А утром — радостный колокольный звон, ликующие крики... Только догорающие костры остались на месте бывшего татарского стана. Ушли татары в темноте, как ночные разбойники-тати.
Выстоял град Звенигород!
Ещё два дня держал людей в осаде воевода Илья Кловыня — осторожничал. Посылал конные сторожевые разъезды вниз по Москве-реке. Но разъезды возвращались и рассказывали, что ушёл Дюдень невозвратным путём, что нет больше татар ни за Истрой, ни за Всходней, везде чисто.
Отправляясь обратно в Москву, князь Даниил Александрович собрал звенигородцев на соборной площади, в пояс поклонился людям (Якушка даже прослезился, увидев такое):
— Благодарствую, чада мои, что крепко стояли против супротивников, окаянных язычников, сыроядцев! Идите с миром по дворам своим!

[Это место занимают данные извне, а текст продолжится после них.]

(* Fix $0<s\le1$, let $\rho:=\rho(s)=e^s/s$, and let $\phi:(0,1]\to[1,\infty)$ be integrable. If there exists a tight $(\rho,\chi)$-bidding profile induced by $\phi$, then for all $x\in(0,1]$, \[ \phi(x)\ge\max\left(1,\ s\chi\, e^{s(x-1)}\right). \]
   Context: Given $1<\chi\le\rho$, a $(\rho,\chi)$-bidding profile is a non-decreasing, left-continuous $G:\mathbb{R}\to(0,\infty)$ with (offset) $G(x)<1$ for $x<0$ and $G(x)\ge1$ for $x>0$; (robustness) $\int_{-\infty}^{x+1}G(t)\,\mathrm{d} t\le\rho G(x)$ for all $x\in\mathbb{R}$; (consistency) $\int_{-\infty}^1G(t)\,\mathrm{d} t\le\chi$. It is tight if additionally $\int_{-\infty}^{x+1}G(t)\,\mathrm{d} t=\rho G(x)$ for all $x\le0$ and $\int_{-\infty}^1G(t)\,\mathrm{d} t=\chi$. It is induced by $\phi$ if $G|_{(0,1]}\equiv\phi$. *)

theory Defs
  imports "HOL-Analysis.Analysis"
begin

text \<open>Integrals over half-lines are Henstock-Kurzweil
integrals over {..a}; since G is positive and monotone this agrees with the Lebesgue
integral, and the inequalities implicitly require finiteness (integrability).\<close>

definition bidding_profile :: "real \<Rightarrow> real \<Rightarrow> (real \<Rightarrow> real) \<Rightarrow> bool" where
  "bidding_profile rho chi G \<longleftrightarrow>
     1 < chi \<and> chi \<le> rho \<and>
     mono G \<and> (\<forall>x. 0 < G x) \<and> (\<forall>x. continuous (at_left x) G) \<and>
     (\<forall>x<0. G x < 1) \<and> (\<forall>x>0. 1 \<le> G x) \<and>
     (\<forall>x. G integrable_on {..x+1} \<and> integral {..x+1} G \<le> rho * G x) \<and>
     G integrable_on {..1} \<and> integral {..1} G \<le> chi"

definition tight_bidding_profile :: "real \<Rightarrow> real \<Rightarrow> (real \<Rightarrow> real) \<Rightarrow> bool" where
  "tight_bidding_profile rho chi G \<longleftrightarrow>
     bidding_profile rho chi G \<and>
     (\<forall>x\<le>0. integral {..x+1} G = rho * G x) \<and>
     integral {..1} G = chi"

definition induced_by :: "(real \<Rightarrow> real) \<Rightarrow> (real \<Rightarrow> real) \<Rightarrow> bool" where
  "induced_by G \<phi> \<longleftrightarrow> (\<forall>x\<in>{0<..1}. G x = \<phi> x)"

end

theory Submission
  imports Defs
begin

text \<open>Let \<open>I(t) = \<integral>\<^sub>-\<^sub>\<infinity>\<^sup>t G\<close>, so that \<open>I' = G\<close>, and let \<open>m\<close> be the infimum of the
  growth rate \<open>G/I\<close>. Then \<open>I(t+1) \<ge> e\<^sup>m I(t)\<close>, while robustness gives \<open>I(t+1) \<le> \<rho> G(t)\<close>;
  hence \<open>m \<ge> e\<^sup>m/\<rho> = s e\<^sup>m\<^sup>-\<^sup>s\<close>, and since \<open>s \<le> 1\<close> this forces \<open>m \<ge> s\<close>. Integrating
  \<open>G \<ge> s I\<close> from \<open>1\<close> to \<open>1+x\<close> and using robustness at \<open>x\<close> once more gives
  \<open>\<rho> G(x) \<ge> I(1+x) \<ge> e\<^sup>s\<^sup>x I(1) = e\<^sup>s\<^sup>x \<chi>\<close>.\<close>

lemma exp_growth_lower_bound:
  fixes F G :: "real \<Rightarrow> real"
  assumes increment: "\<And>t h. 0 \<le> h \<Longrightarrow> F t + h * G t \<le> F (t + h)"
    and rate: "\<And>t. c * F t \<le> G t" and "0 \<le> c" and F_nonneg: "\<And>t. 0 \<le> F t"
    and "0 \<le> d"
  shows "exp (c * d) * F a \<le> F (a + d)"
proof -
  have euler_step: "(1 + c * h) * F t \<le> F (t + h)" if "0 \<le> h" for t h
  proof -
    have "h * (c * F t) \<le> h * G t" using rate that by (simp add: mult_left_mono)
    thus ?thesis using increment[OF that, of t] by (simp add: algebra_simps)
  qed
  have euler: "(1 + c * h) ^ k * F a \<le> F (a + real k * h)" if "0 \<le> h" for h k
  proof (induction k)
    case 0
    then show ?case by simp
  next
    case (Suc k)
    have "(1 + c * h) ^ Suc k * F a = (1 + c * h) * ((1 + c * h) ^ k * F a)" by simp
    also have "\<dots> \<le> (1 + c * h) * F (a + real k * h)"
      using Suc that \<open>0 \<le> c\<close> by (intro mult_left_mono) auto
    also have "\<dots> \<le> F (a + real k * h + h)" using euler_step[OF that] by simp
    finally show ?case by (simp add: algebra_simps)
  qed
  have "(\<lambda>n. (1 + (c * d) / real n) ^ n * F a) \<longlonglongrightarrow> exp (c * d) * F a"
    by (intro tendsto_mult tendsto_exp_limit_sequentially tendsto_const)
  moreover have "\<forall>\<^sub>F n in sequentially. (1 + (c * d) / real n) ^ n * F a \<le> F (a + d)"
    using eventually_gt_at_top[of 0]
  proof eventually_elim
    case (elim n)
    have "(1 + c * (d / real n)) ^ n * F a \<le> F (a + real n * (d / real n))"
      by (rule euler) (use \<open>0 \<le> d\<close> in auto)
    thus ?case using elim by simp
  qed
  ultimately show ?thesis by (rule tendsto_upperbound) simp
qed

lemma le_if_scaled_exp_le:
  fixes s m :: real
  assumes "0 < s" "s \<le> 1" and le: "s * exp (m - s) \<le> m"
  shows "s \<le> m"
proof (rule ccontr)
  assume "\<not> s \<le> m"
  then have "1 + (m - s) < exp (m - s)"
    using exp_minus_greater[of "s - m"] by simp
  then have "s * (1 + (m - s)) < m"
    using le \<open>0 < s\<close> by (smt (verit) mult_strict_left_mono)
  then have "0 < (m - s) * (1 - s)" by (simp add: algebra_simps)
  moreover have "(m - s) * (1 - s) \<le> 0"
    using \<open>\<not> s \<le> m\<close> \<open>s \<le> 1\<close> by (intro mult_nonpos_nonneg) auto
  ultimately show False by linarith
qed

locale robust_profile =
  fixes rho :: real and G :: "real \<Rightarrow> real"
  assumes mono: "mono G" and pos: "\<And>x. 0 < G x"
    and integrable: "\<And>x. G integrable_on {..x}"
    and robust: "\<And>x. integral {..x + 1} G \<le> rho * G x"
begin

lemma integrable_on_interval: "G integrable_on {a..b}"
  by (rule integrable_on_mono_on) (use mono in \<open>auto simp: mono_def monotone_on_def\<close>)

lemma integral_increment:
  assumes "0 \<le> h"
  shows "integral {..t} G + h * G t \<le> integral {..t + h} G"
proof -
  have "{..t + h} = {..t} \<union> {t..t + h}" and "{..t} \<inter> {t..t + h} = {t}"
    using assms by auto
  then have split: "integral {..t + h} G = integral {..t} G + integral {t..t + h} G"
    using integrable[of t] integrable_on_interval by simp
  have "integral {t..t + h} (\<lambda>_. G t) \<le> integral {t..t + h} G"
    using integrable_on_interval mono by (intro integral_le) (auto simp: mono_def)
  then show ?thesis using split assms by simp
qed

lemma integral_pos: "0 < integral {..t} G"
proof -
  have "0 \<le> integral {..t - 1} G"
    using integrable pos by (intro integral_nonneg) (auto intro: less_imp_le)
  then show ?thesis using integral_increment[of 1 "t - 1"] pos[of "t - 1"] by simp
qed

lemma growth_rate_ge:
  assumes "0 < s" "s \<le> 1" and rho: "rho = exp s / s"
  shows "s * integral {..t} G \<le> G t"
proof -
  define w where "w t = G t / integral {..t} G" for t
  define m where "m = Inf (range w)"
  have w_pos: "0 < w t" for t using pos integral_pos by (simp add: w_def)
  have "bdd_below (range w)" using w_pos by (intro bdd_belowI[of _ 0]) (auto intro: less_imp_le)
  then have m_le: "m \<le> w t" for t unfolding m_def by (intro cInf_lower) auto
  have "0 \<le> m" unfolding m_def by (rule cInf_greatest) (auto intro: less_imp_le w_pos)
  have rate_m: "m * integral {..t} G \<le> G t" for t
    using m_le[of t] integral_pos[of t] by (simp add: w_def pos_le_divide_eq)
  have "exp m / rho \<le> w t" for t
  proof -
    have "exp m * integral {..t} G \<le> integral {..t + 1} G"
      using exp_growth_lower_bound[of "\<lambda>t. integral {..t} G" G m, OF integral_increment rate_m,
          of 1 t]
        \<open>0 \<le> m\<close> integral_pos by (simp add: less_imp_le)
    then have "exp m * integral {..t} G \<le> rho * G t" using robust[of t] by linarith
    then show ?thesis using integral_pos[of t] \<open>0 < s\<close> by (simp add: w_def rho field_simps)
  qed
  then have "exp m / rho \<le> m" unfolding m_def by (intro cInf_greatest) auto
  then have "s * exp (m - s) \<le> m" using \<open>0 < s\<close> by (simp add: rho exp_diff field_simps)
  then have "s \<le> m" using le_if_scaled_exp_le assms(1,2) by blast
  then show ?thesis
    using rate_m[of t] integral_pos[of t] by (smt (verit) mult_right_mono)
qed

lemma exp_lower_bound:
  assumes "0 < s" "s \<le> 1" and rho: "rho = exp s / s" and "0 \<le> x"
  shows "s * integral {..1} G * exp (s * (x - 1)) \<le> G x"
proof -
  have "exp (s * x) * integral {..1} G \<le> integral {..1 + x} G"
    using exp_growth_lower_bound[of "\<lambda>t. integral {..t} G" G s, OF integral_increment
        growth_rate_ge[OF assms(1-3)]] assms(1,4) integral_pos by (simp add: less_imp_le)
  also have "\<dots> \<le> rho * G x" using robust[of x] by (simp add: add.commute)
  finally show ?thesis
    using \<open>0 < s\<close> by (simp add: rho exp_diff right_diff_distrib field_simps)
qed

end

lemma robust_profile_if_bidding_profile:
  assumes "bidding_profile rho chi G"
  shows "robust_profile rho G"
proof
  show "G integrable_on {..x}" for x
    using assms unfolding bidding_profile_def by (metis diff_add_cancel)
qed (use assms in \<open>auto simp: bidding_profile_def\<close>)

theorem lemma9:
  fixes s chi :: real and \<phi> :: "real \<Rightarrow> real"
  assumes "0 < s" and "s \<le> 1"
    and "\<forall>x\<in>{0<..1}. 1 \<le> \<phi> x"
    and "\<phi> integrable_on {0<..1}"
    and "\<exists>G. tight_bidding_profile (exp s / s) chi G \<and> induced_by G \<phi>"
  shows "\<forall>x\<in>{0<..1}. \<phi> x \<ge> max 1 (s * chi * exp (s * (x - 1)))"
proof
  obtain G where tight: "tight_bidding_profile (exp s / s) chi G" and induced: "induced_by G \<phi>"
    using assms(5) by blast
  then interpret robust_profile "exp s / s" G
    by (intro robust_profile_if_bidding_profile) (auto simp: tight_bidding_profile_def)
  have chi: "integral {..1} G = chi" using tight by (simp add: tight_bidding_profile_def)
  fix x :: real
  assume x: "x \<in> {0<..1}"
  then have "\<phi> x = G x" using induced by (simp add: induced_by_def)
  moreover have "1 \<le> \<phi> x" using assms(3) x by blast
  moreover have "s * chi * exp (s * (x - 1)) \<le> G x"
    using exp_lower_bound[OF assms(1,2) refl, of x] x chi by simp
  ultimately show "\<phi> x \<ge> max 1 (s * chi * exp (s * (x - 1)))" by simp
qed

end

— И тебе спасибо, княже, оборонил люди свои! — ответно гудела толпа.
Крупными хлопьями падал снег, будто торопился прикрыть зловещие следы войны. С карканьем проносились над головами стаи ворон, возвратившихся на городские кровли, на прежние обжитые места, и их возвращение убеждало даже самых недоверчивых, что беда позади. Только лёгкий запах гари да побуревшие от крови повязки у ратников ещё напоминали о страшных днях осады.
4
Память людская отходчива. Иначе как жить? Незабытое горе давит, сгибает до земли, превращает жизнь в тоскливую чёрную муку, если не избавиться от него.
Забудется и эта татарская рать, как забылись прошлые. Сотрётся из памяти, если рать не затронула самых близких людей. Но в такое не хотелось верить и не верилось. Предчувствие — дар немногих...
Якушка Балагур потом вспоминал, что не было у него после конца осады никаких дурных предчувствий. Не было, и всё тут! Даже наоборот: бежал Якушка к своему двору с лёгким сердцем, радовался наступившей тишине, лесной отрешённости от забот, лёгкому скольжению лыж.
Свистел, как мальчонка, спускаясь с холмов в дютьковскую долину. Кричал оглушительно, пугая лесное зверье:
— О-го-го-о!
Протяжным эхом отзывались холмы: «...го-го-о!»
Металась по еловым лапам перепуганная белка.
С шумом, роняя снежные комья, сорвалась лесная птица глухарь.
«О-го-го-о!»
Нерушимо стояли вокруг Дютькова леса. Ничто не предвещало беды.
Но снег в долине истыкан оспенными уколами копыт.
Но на месте Якушкиного двора — мёртвое пепелище, и закопчённая печь поднималась над ним, как надгробие на кладбище.
И не было больше ничего: ни людей, ни скотины, только воронье карканье да скользкие волчьи тени за кустами.
Потемнело небо, качнулись сосны, будто опрокидываясь навзничь...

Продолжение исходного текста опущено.